In this publication, we will walk for what we tested, which did not work and how a combination of approaches finally helped us build something reliable.
Our initial approach was quite standard for a multimodal model. We use a single and large one to pass an image to a LLM with image capacity and ask you to identify visible damage. This monolithic indication strategy is easy to implement and works decently for clean and well -defined tasks. But real world data rarely play.
We find three main problems from the beginning:
This was the point where it was clear that we would have to iterate.
One thing we noticed was how much image quality affected the exit of the model. Users loaded all kinds of images ranging from acute and high resolution resolution to Borrrosa. This led us to refer to investigation Highlighting how image resolution affects deep learning models.

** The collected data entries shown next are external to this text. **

lemma dz_vanishing_propagates:
  fixes f :: "complex^'n \<Rightarrow> complex^'m"
  assumes "open D" and "connected D" and C1: "C1_on D f"
    and alt: "\<forall>p\<in>D. (\<forall>k. dz f p k = 0) \<or> (\<forall>k. dzbar f p k = 0)"
    and "p \<in> D" and "r > 0" and zero: "\<forall>w\<in>ball p r. \<forall>k. dz f w k = 0"
  shows "\<forall>w\<in>D. \<forall>k. dz f w k = 0"
proof -
  define V where "V = interior {w. \<forall>k. dz f w k = 0}"
  have V_iff: "q \<in> V \<longleftrightarrow> (\<exists>r>0. \<forall>w\<in>ball q r. \<forall>k. dz f w k = 0)" for q
    by (auto simp: V_def mem_interior subset_iff)
  have "D \<inter> closure V \<subseteq> V"
  proof
    fix q assume q: "q \<in> D \<inter> closure V"
    obtain \<epsilon> where "\<epsilon> > 0" "ball q \<epsilon> \<subseteq> D"
      using \<open>open D\<close> q openE by blast
    moreover have "\<exists>q'\<in>V. dist q' q < \<epsilon> / 2"
      using q \<open>\<epsilon> > 0\<close> closure_approachable[of q V] half_gt_zero[of \<epsilon>] by blast
    then obtain q' where "q' \<in> V" "dist q' q < \<epsilon> / 2"
      by blast
    moreover have "ball q' (\<epsilon> / 2) \<subseteq> ball q \<epsilon>"
      using \<open>dist q' q < \<epsilon> / 2\<close> by (simp add: ball_subset_ball_iff dist_commute)
    ultimately have "\<forall>w\<in>ball q' (\<epsilon> / 2). \<forall>k. dz f w k = 0"
      using dz_vanishing_extends_to_ball[OF C1 alt] V_iff by (metis subset_trans)
    moreover have "ball q (\<epsilon> / 2 - dist q' q) \<subseteq> ball q' (\<epsilon> / 2)"
      by (simp add: ball_subset_ball_iff dist_commute)
    ultimately have "\<forall>w\<in>ball q (\<epsilon> / 2 - dist q' q). \<forall>k. dz f w k = 0"
      by blast
    then show "q \<in> V"
      unfolding V_iff using \<open>dist q' q < \<epsilon> / 2\<close> by (intro exI[of _ "\<epsilon> / 2 - dist q' q"]) simp
  qed
  then have "closedin (top_of_set D) (D \<inter> V)"
    by (auto simp: closedin_closed intro!: exI[of _ "closure V"] dest: closure_subset[THEN subsetD])
  moreover have "openin (top_of_set D) (D \<inter> V)"
    by (simp add: V_def openin_open_Int)
  moreover have "p \<in> D \<inter> V"
    using \<open>p \<in> D\<close> \<open>r > 0\<close> zero V_iff by blast
  ultimately have "D \<inter> V = D"
    using \<open>connected D\<close> unfolding connected_clopen by blast
  then show ?thesis
    by (auto simp: V_def dest: interior_subset[THEN subsetD])
qed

We train and try the model using a combination of high and low resolution images. The idea was to make the model more resistant to the wide range of image qualities that it would find in practice. This helped improve consistency, but the central problems of hallucination and handling of junk images persisted.
Encouraged by recent experiments in the combination of image subtitles with LLM only text, such as the technique covered in The lotWhere subtitles are generated from images and then interpreted by a language model, we decided to try.
This is how it works:
While it is intelligent in theory, this approach introduced new problems for our use case:
It was an interesting experiment, but ultimately it is not a solution.

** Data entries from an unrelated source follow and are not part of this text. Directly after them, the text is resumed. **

lemma damping_exp_sums_xi:
  assumes "EM \<noteq> 0" and "0 < \<gamma>"
  shows "(\<lambda>k. damping c \<gamma> k * exp (- 2 * EM\<^sup>2 * real (Suc k))) sums xi c \<gamma> EM"
proof -
  define u where "u = exp (2 * EM\<^sup>2)"
  define v where "v = exp (- \<gamma>)"
  have u: "1 < u" using assms by (simp add: u_def)
  have v: "0 < v" "v < 1" using assms by (auto simp: v_def)
  have v2: "v\<^sup>2 < 1" using v by (simp add: power_less_one_iff)
  have "exp (- 2 * \<gamma>) = v\<^sup>2"
    unfolding v_def by (simp add: power2_eq_square flip: exp_add)
  then have xi: "xi c \<gamma> EM = 1 / (u - 1) - c * (1 + v) / (u - v) + c\<^sup>2 * v / (u - v\<^sup>2)"
    unfolding xi_def u_def v_def by simp
  text \<open>Expanding the damping factors splits the series into three geometric series with
    ratios 1/u, v/u and v^2/u.\<close>
  have summand: "damping c \<gamma> k * exp (- 2 * EM\<^sup>2 * real (Suc k))
      = (1/u) * (1/u)^k + (- c * (1 + v) / u) * (v/u)^k + (c\<^sup>2 * v / u) * (v\<^sup>2/u)^k" for k
  proof -
    have lam_pow: "lam c \<gamma> n = c * v^n" for n
      unfolding lam_def v_def by (simp add: mult.commute flip: exp_of_nat_mult)
    have "exp (- 2 * EM\<^sup>2 * real (Suc k)) = exp (- (2 * EM\<^sup>2)) ^ (Suc k)"
      by (subst exp_of_nat_mult[symmetric]) (simp add: mult.commute)
    then have exp_pow: "exp (- 2 * EM\<^sup>2 * real (Suc k)) = (1/u)^(Suc k)"
      by (simp add: u_def exp_minus inverse_eq_divide)
    show ?thesis
      unfolding exp_pow using u
      by (simp add: lam_pow damping_def power_divide power_mult_distrib field_simps power2_eq_square
          flip: power_mult)
  qed
  have "(\<lambda>k. (1/u) * (1/u)^k + (- c * (1 + v) / u) * (v/u)^k + (c\<^sup>2 * v / u) * (v\<^sup>2/u)^k)
      sums ((1/u) * (1 / (1 - 1/u)) + (- c * (1 + v) / u) * (1 / (1 - v/u))
            + (c\<^sup>2 * v / u) * (1 / (1 - v\<^sup>2/u)))"
    using u v v2 by (intro sums_add sums_mult geometric_sums) auto
  moreover have "(1/u) * (1 / (1 - 1/u)) + (- c * (1 + v) / u) * (1 / (1 - v/u))
      + (c\<^sup>2 * v / u) * (1 / (1 - v\<^sup>2/u)) = xi c \<gamma> EM"
    unfolding xi using u v v2 by (simp add: divide_simps)
  ultimately show ?thesis unfolding summand by simp
qed

lemma xi_nonneg:
  assumes "EM \<noteq> 0" and "0 < c" and "c < 1" and "0 < \<gamma>"
  shows "0 \<le> xi c \<gamma> EM"
proof -
  note sums = damping_exp_sums_xi[OF assms(1,4), of c]
  have "0 \<le> (\<Sum>k. damping c \<gamma> k * exp (- 2 * EM\<^sup>2 * real (Suc k)))"
    using damping_nonneg assms by (intro suminf_nonneg sums_summable[OF sums]) simp
  then show ?thesis using sums_unique[OF sums] by simp
qed

lemma prob_sum_centered_nonneg_le:
  fixes P :: "'a measure" and X :: "nat \<Rightarrow> 'a \<Rightarrow> real"
  assumes "prob_space P"
    and bounds: "\<And>t \<omega>. \<omega> \<in> space P \<Longrightarrow> 0 \<le> X t \<omega> \<and> X t \<omega> \<le> 1"
    and indep: "prob_space.indep_vars P (\<lambda>_. borel) X UNIV"
    and mean: "\<And>t. integral\<^sup>L P (X t) - 1/2 = E"
    and "E \<le> 0"
  shows "measure P {\<omega> \<in> space P. 0 \<le> (\<Sum>s\<le>k. X s \<omega> - 1/2)} \<le> exp (- 2 * E\<^sup>2 * real (Suc k))"
proof -
  interpret prob_space P by fact
  interpret H: Hoeffding_ineq P "{..k}" X "\<lambda>_. 0" "\<lambda>_. 1" "\<Sum>i\<le>k. expectation (X i)"
  proof unfold_locales
    show "indep_vars (\<lambda>_. borel) X {..k}" using indep_vars_subset[OF indep] by simp
    show "AE x in P. X i x \<in> {0..1}" for i using bounds by (intro AE_I2) auto
  qed simp_all
  define \<epsilon> where "\<epsilon> = - (real (Suc k) * E)"
  have "0 \<le> \<epsilon>" using \<open>E \<le> 0\<close> by (simp add: \<epsilon>_def mult_nonneg_nonpos)
  have "(\<Sum>i\<le>k. expectation (X i)) = real (Suc k) * (E + 1/2)"
    using mean by (simp add: algebra_simps)
  then have "{\<omega> \<in> space P. 0 \<le> (\<Sum>s\<le>k. X s \<omega> - 1/2)}
      = {x \<in> space P. (\<Sum>i\<le>k. X i x) \<ge> (\<Sum>i\<le>k. expectation (X i)) + \<epsilon>}"
    by (auto simp: \<epsilon>_def sum_subtractf algebra_simps)
  also have "prob \<dots> \<le> exp (-2 * \<epsilon>\<^sup>2 / (\<Sum>i\<le>k. ((1::real) - 0)\<^sup>2))"
    by (rule H.Hoeffding_ineq_ge[OF \<open>0 \<le> \<epsilon>\<close>]) simp
  also have "-2 * \<epsilon>\<^sup>2 / (\<Sum>i\<le>k. ((1::real) - 0)\<^sup>2) = - 2 * E\<^sup>2 * real (Suc k)"
    by (simp add: \<epsilon>_def power2_eq_square field_simps)
  finally show ?thesis .
qed

lemma card_malicious_neighbours_le:
  assumes "finite (Nb l)" and "l \<in> {1..L}"
  shows "card ({L+1..N} \<inter> Nb l) \<le> min (dM Nb L) (N - L)"
proof -
  have "card ({L+1..N} \<inter> Nb l) \<le> card (Nb l)"
    using assms(1) by (intro card_mono) auto
  also have "card (Nb l) \<le> dM Nb L"
    unfolding dM_def using assms(2) by (intro Max_ge) auto
  finally show ?thesis
    using card_mono[of "{L+1..N}" "{L+1..N} \<inter> Nb l"] by simp
qed

locale trust_observations = prob_space P
  for P :: "'a measure" +
  fixes Nb :: "nat \<Rightarrow> nat set" and L :: nat
    and \<alpha> :: "nat \<Rightarrow> nat \<Rightarrow> nat \<Rightarrow> 'a \<Rightarrow> real" and EM :: real
  assumes finite_Nb: "l \<in> {1..L} \<Longrightarrow> finite (Nb l)"
    and alpha_bounds: "l \<in> {1..L} \<Longrightarrow> j \<in> Nb l \<Longrightarrow> \<omega> \<in> space P \<Longrightarrow> 0 \<le> \<alpha> l j t \<omega> \<and> \<alpha> l j t \<omega> \<le> 1"
    and alpha_measurable: "l \<in> {1..L} \<Longrightarrow> j \<in> Nb l \<Longrightarrow> \<alpha> l j t \<in> borel_measurable P"
    and alpha_indep: "l \<in> {1..L} \<Longrightarrow> j \<in> Nb l \<Longrightarrow> indep_vars (\<lambda>_. borel) (\<lambda>t. \<alpha> l j t) UNIV"
    and alpha_mean_malicious: "l \<in> {1..L} \<Longrightarrow> j \<in> Nb l \<Longrightarrow> L < j \<Longrightarrow> expectation (\<alpha> l j t) - 1/2 = EM"
    and EM_neg: "EM < 0"
begin

lemma trusted_event_eq:
  assumes "j \<in> Nb l"
  shows "{\<omega> \<in> space P. j \<in> trusted Nb \<alpha> l k \<omega>} = {\<omega> \<in> space P. 0 \<le> (\<Sum>s\<le>k. \<alpha> l j s \<omega> - 1/2)}"
  using assms by (auto simp: trusted_def beta_def)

This was the turning point. While agent frames are generally used to orchestrate task flows (think that agents that coordinate the invitations of the calendar or customer service actions), we ask ourselves if to break down the task of interpreting the image in smaller specialized agents could help.
We build a structured agent frame like this:
This modular and task -based approach produced much more precise and explainable results. The hallucinations fell dramatically, the garbage images were marked reliable and the task of each agent was simple enough and focused to control the quality well.
So effective, it was not perfect. Two main limitations appeared:
We needed a way to balance precision with coverage.
To close the holes, we create a hybrid system:
This combination gave us the precision and explanation of the agent configuration, the wide coverage of the monolithic impulse and the impulse of confidence of the fine objective adjustment.
Some things were clear when we finished this project:
What began as a simple idea, using a LLM indicator to detect physical damage in the images of the laptop, quickly became a much deeper experiment to combine different AI techniques to address unpredictable problems of the real world. Along the way, we realized that some of the most useful tools were originally designed for this type of work.
Agent frameworks, often seen as working flow utilities, proved to be surprisingly effective when reused for tasks such as structured damage detection and image filtering. With a little creativity, they helped us build a system that was not only more precise, but easier to understand and manage in practice.
Shruti Tiwari is AI products manager in Dell Technologies.
Vadiraj Kulkarni is Dell Technologies data scientist.